Prompt:
Starting at the first line of the data below, repeat each line word for word up to and including the line with "proof (rule ccontr)".

Supplied material:
=== Begin Enclosure ===
lemma derivation_bounded_vanishes:
  assumes atomless: "atomless_measure M" and orlicz: "A \<subseteq> orlicz_space M \<phi>"
    and \<phi>: "young_function \<phi>"
    and g[measurable]: "g \<in> borel_measurable M" and bounded: "\<And>\<omega>. cmod (g \<omega>) \<le> K"
  shows "AE \<omega> in M. \<delta> g \<omega> = 0"
proof (rule ccontr)
  assume "\<not> (AE \<omega> in M. \<delta> g \<omega> = 0)"
  then obtain \<epsilon> where \<epsilon>: "0 < \<epsilon>" and E: "0 < emeasure M {\<omega> \<in> space M. \<epsilon> < cmod (\<delta> g \<omega>)}"
    by (rule not_AE_zero_level_set[OF derivation_measurable[OF bounded_in_domain[OF g bounded]]])
  define E where "E = {\<omega> \<in> space M. \<epsilon> < cmod (\<delta> g \<omega>)}"
  have E_sets: "E \<in> sets M"
    unfolding E_def using derivation_measurable[OF bounded_in_domain[OF g bounded]] by measurable
  obtain e :: "nat \<Rightarrow> 'a set" where e: "disjoint_family e" "\<And>n. e n \<in> sets M" "\<And>n. e n \<subseteq> E"
      "\<And>n. 0 < emeasure M (e n)"
    using atomless_measure_disjoint_family[OF finite_measure atomless E_sets E[folded E_def]] by blast
  have e_measure: "0 < measure M (e n)" for n
    using e(4)[of n] by (simp add: finite_measure.emeasure_eq_measure[OF finite_measure])
  \<comment> \<open>\<open>N n\<close> is large enough that \<open>|\<delta> y| \<ge> N n \<epsilon>\<close> on \<open>e n\<close> breaks the Orlicz bound at scale \<open>n\<close>.\<close>
  have "\<forall>n. \<exists>N. 0 < n \<longrightarrow> 2 / measure M (e n) \<le> \<phi> (real N * (\<epsilon> / n))"
  proof
    fix n :: nat
    show "\<exists>N. 0 < n \<longrightarrow> 2 / measure M (e n) \<le> \<phi> (real N * (\<epsilon> / n))"
      using young_function_exceeds[OF \<phi>, of "\<epsilon> / n" "2 / measure M (e n)"] \<epsilon>
      by (cases "n = 0") auto
  qed
  then obtain N where N: "\<forall>n. 0 < n \<longrightarrow> 2 / measure M (e n) \<le> \<phi> (real (N n) * (\<epsilon> / n))"
    by (rule choice[THEN exE])
  obtain y where y: "y \<in> A" and scaled: "AE \<omega> in M. \<omega> \<in> e n \<longrightarrow> \<delta> y \<omega> = of_nat (N n) * \<delta> g \<omega>" for n
    using derivation_piecewise_scaling[OF g bounded e(1,2)] by blast
  have level: "AE \<omega> in M. \<omega> \<in> e n \<longrightarrow> real (N n) * \<epsilon> \<le> cmod (\<delta> y \<omega>)" for n
    using scaled[of n]
  proof eventually_elim
    case (elim \<omega>)
    show ?case
    proof
      assume "\<omega> \<in> e n"
      then have "\<epsilon> < cmod (\<delta> g \<omega>)" using e(3)[of n] by (auto simp: E_def)
      then show "real (N n) * \<epsilon> \<le> cmod (\<delta> y \<omega>)"
        using elim \<open>\<omega> \<in> e n\<close> by (simp add: norm_mult mult_left_mono)
    qed
  qed
  have "\<delta> y \<in> orlicz_space M \<phi>" using orlicz derivation_in_domain[OF y] by blast
  then obtain K :: nat where K: "0 < K" and "\<phi> (real (N K) * \<epsilon> / K) * measure M (e K) \<le> 1"
    by (rule orlicz_space_level_sets[OF finite_measure \<phi> _ e(2) _ level]) (use \<epsilon> in simp)
  moreover have "2 \<le> \<phi> (real (N K) * \<epsilon> / K) * measure M (e K)"
    using N[rule_format, OF K] e_measure[of K] by (simp add: pos_divide_le_eq)
  ultimately show False by linarith
qed

lemma derivation_vanishes:
  assumes atomless: "atomless_measure M" and orlicz: "A \<subseteq> orlicz_space M \<phi>"
    and \<phi>: "young_function \<phi>" and x: "x \<in> A"
  shows "AE \<omega> in M. \<delta> x \<omega> = 0"
proof -
  have [measurable]: "x \<in> borel_measurable M" using x domain_measurable by blast
  define S where "S m = {\<omega> \<in> space M. cmod (x \<omega>) \<le> real m}" for m :: nat
  have S_sets: "S m \<in> sets M" for m unfolding S_def by measurable
  have truncated: "AE \<omega> in M. \<omega> \<in> S m \<longrightarrow> \<delta> x \<omega> = 0" for m
  proof -
    define x\<^sub>m where "x\<^sub>m = (\<lambda>\<omega>. if cmod (x \<omega>) \<le> real m then x \<omega> else 0)"
    have [measurable]: "x\<^sub>m \<in> borel_measurable M" unfolding x\<^sub>m_def by measurable
    have bound: "cmod (x\<^sub>m \<omega>) \<le> real m" for \<omega> by (simp add: x\<^sub>m_def)
    have "AE \<omega> in M. \<omega> \<in> S m \<longrightarrow> \<delta> x \<omega> = \<delta> x\<^sub>m \<omega>"
      by (rule derivation_local[OF S_sets x bounded_in_domain[OF _ bound]]) (simp_all add: S_def x\<^sub>m_def)
    moreover have "AE \<omega> in M. \<delta> x\<^sub>m \<omega> = 0"
      by (rule derivation_bounded_vanishes[OF atomless orlicz \<phi> _ bound]) simp
    ultimately show ?thesis by eventually_elim simp
  qed
  have "AE \<omega> in M. \<forall>m. \<omega> \<in> S m \<longrightarrow> \<delta> x \<omega> = 0"
    by (intro AE_all_countable[THEN iffD2] allI truncated)
  then show ?thesis using AE_space
  proof eventually_elim
    case (elim \<omega>)
    obtain m :: nat where "cmod (x \<omega>) \<le> real m" using real_arch_simple by blast
    then have "\<omega> \<in> S m" using elim(2) by (simp add: S_def)
    then show ?case using elim(1) by blast
  qed
qed

end

theorem corollary3p1:
  fixes M :: "'a measure" and \<Lambda> :: "(real \<Rightarrow> real) set"
    and \<delta> :: "('a \<Rightarrow> complex) \<Rightarrow> ('a \<Rightarrow> complex)"
  assumes "finite_measure M"
    and "atomless_measure M"
    and "\<Lambda> \<noteq> {}"
    and "quadratic_family \<Lambda>"
    and "additive_derivation_on M (orlicz_intersection M \<Lambda>) \<delta>"
  shows "\<forall>x\<in>orlicz_intersection M \<Lambda>. AE \<omega> in M. \<delta> x \<omega> = 0"
proof -
  have young: "young_function \<psi>" if "\<psi> \<in> \<Lambda>" for \<psi>
    using assms(4) that unfolding quadratic_family_def by blast
  interpret derivation_on_function_algebra M "orlicz_intersection M \<Lambda>" \<delta>
  proof (rule derivation_on_function_algebra.intro)
    show "finite_measure M" by (rule assms(1))
    show "orlicz_intersection M \<Lambda> \<subseteq> borel_measurable M" unfolding orlicz_intersection_def by blast
    show "g \<in> orlicz_intersection M \<Lambda>" if "g \<in> borel_measurable M" "\<And>\<omega>. cmod (g \<omega>) \<le> K" for g K
      using orlicz_space_bounded[OF assms(1) young that] that(1) unfolding orlicz_intersection_def by blast
    show "additive_derivation_on M (orlicz_intersection M \<Lambda>) \<delta>" by (rule assms(5))
  qed
  obtain \<phi> where "\<phi> \<in> \<Lambda>" using assms(3) by blast
  then have "orlicz_intersection M \<Lambda> \<subseteq> orlicz_space M \<phi>" unfolding orlicz_intersection_def by blast
  then show ?thesis using derivation_vanishes[OF assms(2) _ young[OF \<open>\<phi> \<in> \<Lambda>\<close>]] by blast
qed
lemma submodule_smult_set:
  assumes N: "submodule N R M" and s: "s \<in> carrier R"
  shows "submodule (smult_set M s N) R M"
proof (rule submoduleI)
  have Nc: "N \<subseteq> carrier M" by (rule submoduleE(1)[OF N])
  show "smult_set M s N \<subseteq> carrier M" using Nc s unfolding smult_set_def by auto
  show "\<zero>\<^bsub>M\<^esub> \<in> smult_set M s N"
    using submodule_zero_closed[OF N] s unfolding smult_set_def
    by (auto intro!: image_eqI[of _ _ "\<zero>\<^bsub>M\<^esub>"])
next
  fix a assume "a \<in> smult_set M s N"
  then obtain n where n: "n \<in> N" "a = s \<odot>\<^bsub>M\<^esub> n" unfolding smult_set_def by auto
  then have "\<ominus>\<^bsub>M\<^esub> a = s \<odot>\<^bsub>M\<^esub> (\<ominus>\<^bsub>M\<^esub> n)"
    using submoduleE(1)[OF N] s by (simp add: smult_r_minus subsetD)
  then show "\<ominus>\<^bsub>M\<^esub> a \<in> smult_set M s N"
    unfolding smult_set_def using submoduleE(3)[OF N] n(1) by auto
next
  fix a b assume "a \<in> smult_set M s N" "b \<in> smult_set M s N"
  then obtain n m where "n \<in> N" "a = s \<odot>\<^bsub>M\<^esub> n" "m \<in> N" "b = s \<odot>\<^bsub>M\<^esub> m"
    unfolding smult_set_def by auto
  moreover from this have "a \<oplus>\<^bsub>M\<^esub> b = s \<odot>\<^bsub>M\<^esub> (n \<oplus>\<^bsub>M\<^esub> m)"
    using submoduleE(1)[OF N] s by (simp add: smult_r_distr subsetD)
  ultimately show "a \<oplus>\<^bsub>M\<^esub> b \<in> smult_set M s N"
    unfolding smult_set_def using submoduleE(5)[OF N] by auto
next
  fix a x assume a: "a \<in> carrier R" and "x \<in> smult_set M s N"
  then obtain n where n: "n \<in> N" "x = s \<odot>\<^bsub>M\<^esub> n" unfolding smult_set_def by auto
  have "n \<in> carrier M" using n submoduleE(1)[OF N] by auto
  then have "a \<odot>\<^bsub>M\<^esub> x = s \<odot>\<^bsub>M\<^esub> (a \<odot>\<^bsub>M\<^esub> n)"
    using n a s smult_assoc1 m_comm by metis
  then show "a \<odot>\<^bsub>M\<^esub> x \<in> smult_set M s N"
    unfolding smult_set_def using submoduleE(4)[OF N a n(1)] by auto
qed

lemma ann_smult_closed:
  assumes I: "I \<subseteq> carrier R" and r: "r \<in> carrier R" and z: "z \<in> ann M I"
  shows "r \<odot>\<^bsub>M\<^esub> z \<in> ann M I"
proof -
  have zc: "z \<in> carrier M" and kill: "\<And>a. a \<in> I \<Longrightarrow> a \<odot>\<^bsub>M\<^esub> z = \<zero>\<^bsub>M\<^esub>"
    using z unfolding ann_def colon_def by auto
  have "a \<odot>\<^bsub>M\<^esub> (r \<odot>\<^bsub>M\<^esub> z) = \<zero>\<^bsub>M\<^esub>" if a: "a \<in> I" for a
  proof -
    have "a \<odot>\<^bsub>M\<^esub> (r \<odot>\<^bsub>M\<^esub> z) = r \<odot>\<^bsub>M\<^esub> (a \<odot>\<^bsub>M\<^esub> z)"
      using a I r zc smult_assoc1 m_comm by (metis subsetD)
    then show ?thesis using kill[OF a] r by simp
  qed
  then show ?thesis using r zc unfolding ann_def colon_def by auto
qed

lemma ann_quot_module_iff:
  assumes K: "submodule K R M" and I: "I \<subseteq> carrier R" and x: "x \<in> carrier M"
  shows "K +>\<^bsub>M\<^esub> x \<in> ann (quot_module M K) I \<longleftrightarrow> x \<in> colon M K I"
proof -
  have "a \<odot>\<^bsub>quot_module M K\<^esub> (K +>\<^bsub>M\<^esub> x) = \<zero>\<^bsub>quot_module M K\<^esub> \<longleftrightarrow> a \<odot>\<^bsub>M\<^esub> x \<in> K"
    if "a \<in> I" for a
    using that I x quot_module_smult[OF K] a_rcos_eq_submodule_iff[OF K] quot_module_zero
    by (simp add: subsetD)
  then show ?thesis
    using x a_rcos_in_quot_module_carrier unfolding ann_def colon_def by auto
qed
=== End Enclosure ===
Answer space:
lemma derivation_bounded_vanishes:
  assumes atomless: "atomless_measure M" and orlicz: "A \<subseteq> orlicz_space M \<phi>"
    and \<phi>: "young_function \<phi>"
    and g[measurable]: "g \<in> borel_measurable M" and bounded: "\<And>\<omega>. cmod (g \<omega>) \<le> K"
  shows "AE \<omega> in M. \<delta> g \<omega> = 0"
proof (rule ccontr)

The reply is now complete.